Annual consumption of creatine products is estimated to exceed four million kilograms. Use of creatine is particularly popular among adolescent athletes, who are reported to take doses that are not consistent with scientific evidence, and to frequently exceed recommended loading and maintenance doses.
Published reports suggest that approximately 25% of professional baseball players and up to 50% of professional football players consume creatine supplements. According to a survey of high school athletes, creatine use is common among football players, wrestlers, hockey players, gymnasts, and lacrosse players. In 1998, the creatine market in the U.S. was estimated at $200 million. Most athletic associations have not banned this supplement, including the International Olympic Committee, the International Amateur Athletic Federation, and the National Collegiate Athletic Association.
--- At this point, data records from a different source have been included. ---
lemma homotopy_identity_Cons2:
  assumes "a < n" "b < n" "a \<noteq> b" "regular_path (b # \<rho>)" "set \<rho> \<subseteq> {..<n}" "2 \<le> n"
  shows "path_bd {..<n} (homotopy_basis n (a # b # \<rho>)) + homotopy n (bd_epath (a # b # \<rho>)) =
    epath (a # b # \<rho>) - epath ((a + (fwd_dist n a b - 1)) mod n # b # \<rho>) + homotopy_basis n (b # \<rho>)
    - ((\<Sum>k<fwd_dist n a b - 1. epath_reg ((a + k) mod n # (a + Suc k) mod n # \<rho>))
       + homotopy n (epath_reg (a # \<rho>)) :: nat list \<Rightarrow> 'k::comm_ring_1)"
proof -
  define s where "s = fwd_dist n a b"
  define \<tau> where "\<tau> = b # \<rho>"
  define F :: "nat \<Rightarrow> nat list \<Rightarrow> 'k" where
    "F j = (\<Sum>k<s - 1. epath_reg ((a + k) mod n # (a + Suc k) mod n # delete_at j \<tau>))" for j
  define G :: "nat \<Rightarrow> nat list \<Rightarrow> 'k" where "G j = homotopy n (epath_reg (a # delete_at j \<tau>))" for j
  have faces: "(\<Sum>k<s - 1. \<Sum>j<length \<tau>.
      scale_chain ((-1) ^ j) (epath_reg ((a + k) mod n # (a + Suc k) mod n # delete_at j \<tau>)))
      = (\<Sum>j<length \<tau>. scale_chain ((-1) ^ j) (F j))"
    unfolding F_def scale_chain_sum by (rule sum.swap)
  have "homotopy n (epath_reg \<tau>) = (homotopy_basis n \<tau> :: nat list \<Rightarrow> 'k)"
    using assms by (simp add: \<tau>_def epath_reg_eq_epath homotopy_epath)
  then have hom_bd: "homotopy n (bd_epath (a # \<tau>)) = homotopy_basis n \<tau> - (\<Sum>j<length \<tau>. scale_chain ((-1) ^ j) (G j))"
    by (simp add: bd_epath_Cons homotopy_diff homotopy_sum homotopy_scale G_def)
  have "set (delete_at i \<rho>) \<subseteq> {..<n}" for i
    using set_delete_at assms(5) by (rule order_trans)
  \<comment> \<open>Deleting a vertex of \<open>\<rho>\<close> commutes with \<open>H\<close>, so only the faces at positions 0 and 1 survive.\<close>
  then have "F (Suc i) + G (Suc i) = 0" for i
    using homotopy_face_cancel[OF assms(1,2) _ assms(6), of "delete_at i \<rho>"]
    by (simp add: F_def G_def \<tau>_def s_def)
  then have alternating: "(\<Sum>j<length \<tau>. scale_chain ((-1) ^ j) (F j))
      + (\<Sum>j<length \<tau>. scale_chain ((-1) ^ j) (G j)) = F 0 + G 0"
    by (simp add: \<tau>_def sum.lessThan_Suc_shift flip: sum.distrib scale_chain_add del: sum.lessThan_Suc)
  have "path_bd {..<n} (homotopy_basis n (a # \<tau>)) + homotopy n (bd_epath (a # \<tau>))
      = (epath (a # \<tau>) - epath ((a + (s - 1)) mod n # \<tau>) - (\<Sum>j<length \<tau>. scale_chain ((-1) ^ j) (F j)))
        + (homotopy_basis n \<tau> - (\<Sum>j<length \<tau>. scale_chain ((-1) ^ j) (G j)))"
    using path_bd_homotopy_basis[OF assms(1-5), where 'k='k] faces hom_bd by (simp add: s_def \<tau>_def)
  also have "\<dots> = epath (a # \<tau>) - epath ((a + (s - 1)) mod n # \<tau>) + homotopy_basis n \<tau> - (F 0 + G 0)"
    using alternating by (simp add: algebra_simps)
  finally show ?thesis
    by (simp add: F_def G_def \<tau>_def s_def)
qed

lemma unit_walk_split:
  assumes "a < n" "(a + s) mod n = b" "1 \<le> s" "1 \<le> s'"
  shows "(unit_walk n a (s + s' - 1) t :: nat list \<Rightarrow> 'k::comm_ring_1) =
     unit_walk n a (s - 1) t + epath ((a + (s - 1)) mod n # b # t) + unit_walk n b (s' - 1) t"
proof -
  define f :: "nat \<Rightarrow> nat list \<Rightarrow> 'k" where "f k = epath ((a + k) mod n # (a + Suc k) mod n # t)" for k
  have "(a + (s + j)) mod n = (b + j) mod n" for j
    using assms(2) by (metis add.assoc mod_add_left_eq)
  then have shift: "f (s + i) = epath ((b + i) mod n # (b + Suc i) mod n # t)" for i
    unfolding f_def by (metis add_Suc_right)
  have "unit_walk n a (s + s' - 1) t = (\<Sum>k<(s - 1) + Suc (s' - 1). f k)"
    using assms by (simp add: unit_walk_def f_def)
  also have "\<dots> = (\<Sum>k<s - 1. f k) + f (s - 1) + (\<Sum>i<s' - 1. f (s + i))"
    using sum_lessThan_add_Suc[of f "s - 1" "s' - 1"] assms(3) by simp
  also have "f (s - 1) = epath ((a + (s - 1)) mod n # b # t)"
    using assms by (simp add: f_def)
  also have "(\<Sum>i<s' - 1. f (s + i)) = unit_walk n b (s' - 1) t"
    by (simp only: unit_walk_def shift)
  finally show ?thesis
    by (simp add: unit_walk_def f_def plus_fun_def)
qed

lemma homotopy_identity_long:
  assumes "a < n" "b < n" "c < n" "set r \<subseteq> {..<n}" "regular_path (a # b # c # r)"
    and "fwd_dist n a b + fwd_dist n b c < n"
  shows "path_bd {..<n} (homotopy_basis n (a # b # c # r)) + homotopy n (bd_epath (a # b # c # r))
       = (epath (a # b # c # r) :: nat list \<Rightarrow> 'k::comm_ring_1)"
proof -
  define s where "s = fwd_dist n a b"
  define s' where "s' = fwd_dist n b c"
  have ab: "a \<noteq> b" and bc: "b \<noteq> c" and reg: "regular_path (c # r)"
    using assms(5) by auto
  have "2 \<le> n"
    using assms(1,2) ab by linarith
  have "1 \<le> s" "1 \<le> s'"
    using fwd_dist_pos[OF assms(1,2) ab] fwd_dist_pos[OF assms(2,3) bc] by (simp_all add: s_def s'_def)
  have ac: "fwd_dist n a c = s + s'"
    using fwd_dist_trans[OF assms(1-3,6)] by (simp add: s_def s'_def)
  then have "a \<noteq> c"
    using \<open>1 \<le> s\<close> by auto
  have bs: "(a + s) mod n = b"
    using add_fwd_dist_mod[OF assms(1), of b] assms(2) by (simp add: s_def)
  have walk_ac: "(\<Sum>k<s - 1. epath_reg ((a + k) mod n # (a + Suc k) mod n # c # r))
      = (unit_walk n a (s - 1) (c # r) :: nat list \<Rightarrow> 'k)"
    unfolding unit_walk_def
  proof (intro sum.cong refl)
    fix k assume "k \<in> {..<s - 1}"
    then have "(a + Suc k) mod n \<noteq> c"
      using fwd_dist_not_reached[OF assms(1,3), of "Suc k"] ac by simp
    then show "epath_reg ((a + k) mod n # (a + Suc k) mod n # c # r)
        = (epath ((a + k) mod n # (a + Suc k) mod n # c # r) :: nat list \<Rightarrow> 'k)"
      using reg mod_add_Suc_neq[OF \<open>2 \<le> n\<close>] by (simp add: epath_reg_eq_epath)
  qed
  have hom_ac: "homotopy n (epath_reg (a # c # r)) = - (unit_walk n a (s + s' - 1) (c # r) :: nat list \<Rightarrow> 'k)"
    using \<open>a \<noteq> c\<close> reg assms(1,3,4) by (simp add: epath_reg_eq_epath homotopy_epath ac)
  have hom_bc: "homotopy_basis n (b # c # r) = - (unit_walk n b (s' - 1) (c # r) :: nat list \<Rightarrow> 'k)"
    by (simp add: s'_def)
  have "path_bd {..<n} (homotopy_basis n (a # b # c # r)) + homotopy n (bd_epath (a # b # c # r)) =
      epath (a # b # c # r) - epath ((a + (s - 1)) mod n # b # c # r) + homotopy_basis n (b # c # r)
      - ((\<Sum>k<s - 1. epath_reg ((a + k) mod n # (a + Suc k) mod n # c # r))
         + homotopy n (epath_reg (a # c # r)) :: nat list \<Rightarrow> 'k)"
    using homotopy_identity_Cons2[OF assms(1,2) ab _ _ \<open>2 \<le> n\<close>, of "c # r"] assms(3-5)
    by (simp add: s_def)
  also have "\<dots> = epath (a # b # c # r)"
    unfolding walk_ac hom_ac hom_bc unit_walk_split[OF assms(1) bs \<open>1 \<le> s\<close> \<open>1 \<le> s'\<close>]
    by (simp add: algebra_simps)
  finally show ?thesis .
qed

lemma homotopy_identity_edge:
  assumes "a < n" "b < n" "a \<noteq> b"
  shows "path_bd {..<n} (homotopy_basis n [a, b]) + homotopy n (bd_epath [a, b])
       = (epath [a, b] - unit_walk n a (fwd_dist n a b) [] :: nat list \<Rightarrow> 'k::comm_ring_1)"
proof -
  define s where "s = fwd_dist n a b"
  have "2 \<le> n"
    using assms by linarith
  have "1 \<le> s"
    using fwd_dist_pos[OF assms] by (simp add: s_def)
  have bs: "(a + s) mod n = b"
    using add_fwd_dist_mod[OF assms(1), of b] assms(2) by (simp add: s_def)
  have walk: "(\<Sum>k<s - 1. epath_reg [(a + k) mod n, (a + Suc k) mod n])
      = (unit_walk n a (s - 1) [] :: nat list \<Rightarrow> 'k)"
    unfolding unit_walk_def using mod_add_Suc_neq[OF \<open>2 \<le> n\<close>] by (simp add: epath_reg_eq_epath)
  have hom_a: "homotopy n (epath_reg [a]) = (0 :: nat list \<Rightarrow> 'k)"
    using assms(1) by (simp add: epath_reg_eq_epath homotopy_epath)
  have "path_bd {..<n} (homotopy_basis n [a, b]) + homotopy n (bd_epath [a, b]) =
      epath [a, b] - epath [(a + (s - 1)) mod n, b] + homotopy_basis n [b]
      - ((\<Sum>k<s - 1. epath_reg [(a + k) mod n, (a + Suc k) mod n]) + homotopy n (epath_reg [a])
         :: nat list \<Rightarrow> 'k)"
    using homotopy_identity_Cons2[OF assms _ _ \<open>2 \<le> n\<close>, of "[]"] by (simp add: s_def)
  also have "\<dots> = epath [a, b] - unit_walk n a s []"
  proof -
    have "unit_walk n a s [] = unit_walk n a (s - 1) [] + (epath [(a + (s - 1)) mod n, b] :: nat list \<Rightarrow> 'k)"
      using unit_walk_split[OF assms(1) bs \<open>1 \<le> s\<close> order_refl, of "[]"] by (simp add: unit_walk_def)
    then show ?thesis
      unfolding walk hom_a by (simp add: algebra_simps)
  qed
  finally show ?thesis
    by (simp add: s_def)
qed

lemma homotopy_identity_allowed:
  assumes "1 \<le> d" "2 * d < n" "\<sigma> \<in> allowed_paths {..<n} (circulant_arrow n {1..d}) (Suc (Suc p))"
  shows "path_bd {..<n} (homotopy_basis n \<sigma>) + homotopy n (bd_epath \<sigma>) = (epath \<sigma> :: nat list \<Rightarrow> 'k::comm_ring_1)"
proof -
  let ?R = "circulant_arrow n {1..d}"
  have "d < n"
    using assms(2) by linarith
  obtain a b c r where \<sigma>: "\<sigma> = a # b # c # r"
    using assms(3) by (auto simp: allowed_paths_def length_Suc_conv)
  have V: "a < n" "b < n" "c < n" "set r \<subseteq> {..<n}"
    using assms(3) by (auto simp: allowed_paths_def \<sigma>)
  have "?R a b" "?R b c"
    using assms(3) unfolding \<sigma> allowed_paths_Cons2 by auto
  then have "fwd_dist n a b \<le> d" "fwd_dist n b c \<le> d"
    using circulant_arrow_fwd_dist[OF \<open>d < n\<close>] V by auto
  moreover have "regular_path \<sigma>"
    using allowed_circulant_regular[OF \<open>d < n\<close> assms(3)] .
  ultimately show ?thesis
    using homotopy_identity_long[OF V] assms(2) by (simp add: \<sigma>)
qed

lemma chain_homotopy_expansion:
  fixes c :: "nat list \<Rightarrow> 'k::comm_ring_1"
  assumes "c \<in> A_space K {..<n} R p"
  shows "path_bd {..<n} (homotopy n c) + homotopy n (path_bd {..<n} c) =
     (\<Sum>\<sigma>\<in>paths_of_length {..<n} (Suc p).
        scale_chain (c \<sigma>) (path_bd {..<n} (homotopy_basis n \<sigma>) + homotopy n (bd_epath \<sigma>)))"
proof -
  let ?P = "paths_of_length {..<n} (Suc p)"
  have "homotopy n c = homotopy n (\<Sum>\<sigma>\<in>?P. scale_chain (c \<sigma>) (epath \<sigma>))"
    by (rule arg_cong[OF A_space_expansion[OF finite_lessThan assms]])
  also have "\<dots> = (\<Sum>\<sigma>\<in>?P. scale_chain (c \<sigma>) (homotopy_basis n \<sigma>))"
    by (auto simp: homotopy_sum homotopy_scale homotopy_epath paths_of_length_def intro!: sum.cong)
  finally have "homotopy n c = \<dots>" .
  moreover have "path_bd {..<n} c = (\<Sum>\<sigma>\<in>?P. scale_chain (c \<sigma>) (bd_epath \<sigma>))"
    by (rule path_bd_expansion[OF finite_lessThan assms])
  ultimately show ?thesis
    by (simp add: path_bd_sum path_bd_scale homotopy_sum homotopy_scale sum.distrib scale_chain_add)
qed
Creatinine excreted in urine is derived from creatine stored in muscle.
Synonyms
N-amidinosarcosine, N- (aminoiminomethyl) -N methyl glycine, Athletic series creatine, beta-GPA, Challenge Creatine Monohydrate, Creapure TM creatine monohydrate powder, Creatine Booster®, creatine citrate, Creatine Monohydrate Powder, creatine phosphate, Creatine Powder Drink Mix, Creatine Xtreme Punch®, Creatine Xtreme Lemonade®, Creavescent®, cyclocreatine, Hardcore Formula Creatine Powder®, HPCE Pure Creatine Monohydrate®, methyl guanidine-acetic acid, Neoton®, Performance Enhancer Creatine Fuel®, Phosphagen TM , Phosphagen Pure Creatine Monohydrate Power Creatine®, Total Creatine Transport®.
Selected combination products which include creatine: Phosphagain TM (64g daily carbohydrate, 67g daily protein, 5g daily fat, 20g daily creatine, yeast derived RNA, taurine); Muscle Link/Effervescent Creatine elite® (5g 99.5 % pure creatine monohydrate, 20g dextrose; Met-Rx® anabolic drive series (12.4 g micronized creatine, 400mg alpha-lipoic acid, 10g glutamine peptide); Creatine Xtreme Punch® (6g creatine monohydrate, 1000mg taurine, 500mg L-glutamine, 500mg L-glutamicacid, 200mg hydroxycitrate, 15mg vanadyl nicotinate, 120g chromium); Optimum nutrition creatine liquid energy tropical punch® (6g of 99% pure pharmaceutical grade creatine monohydrate and 500mg methylsulfonylmethane).
Evidence
These uses have been tested in humans or animals. Safety and effectiveness have not always been proven. Some of these conditions are potentially serious, and should be evaluated by a qualified healthcare provider.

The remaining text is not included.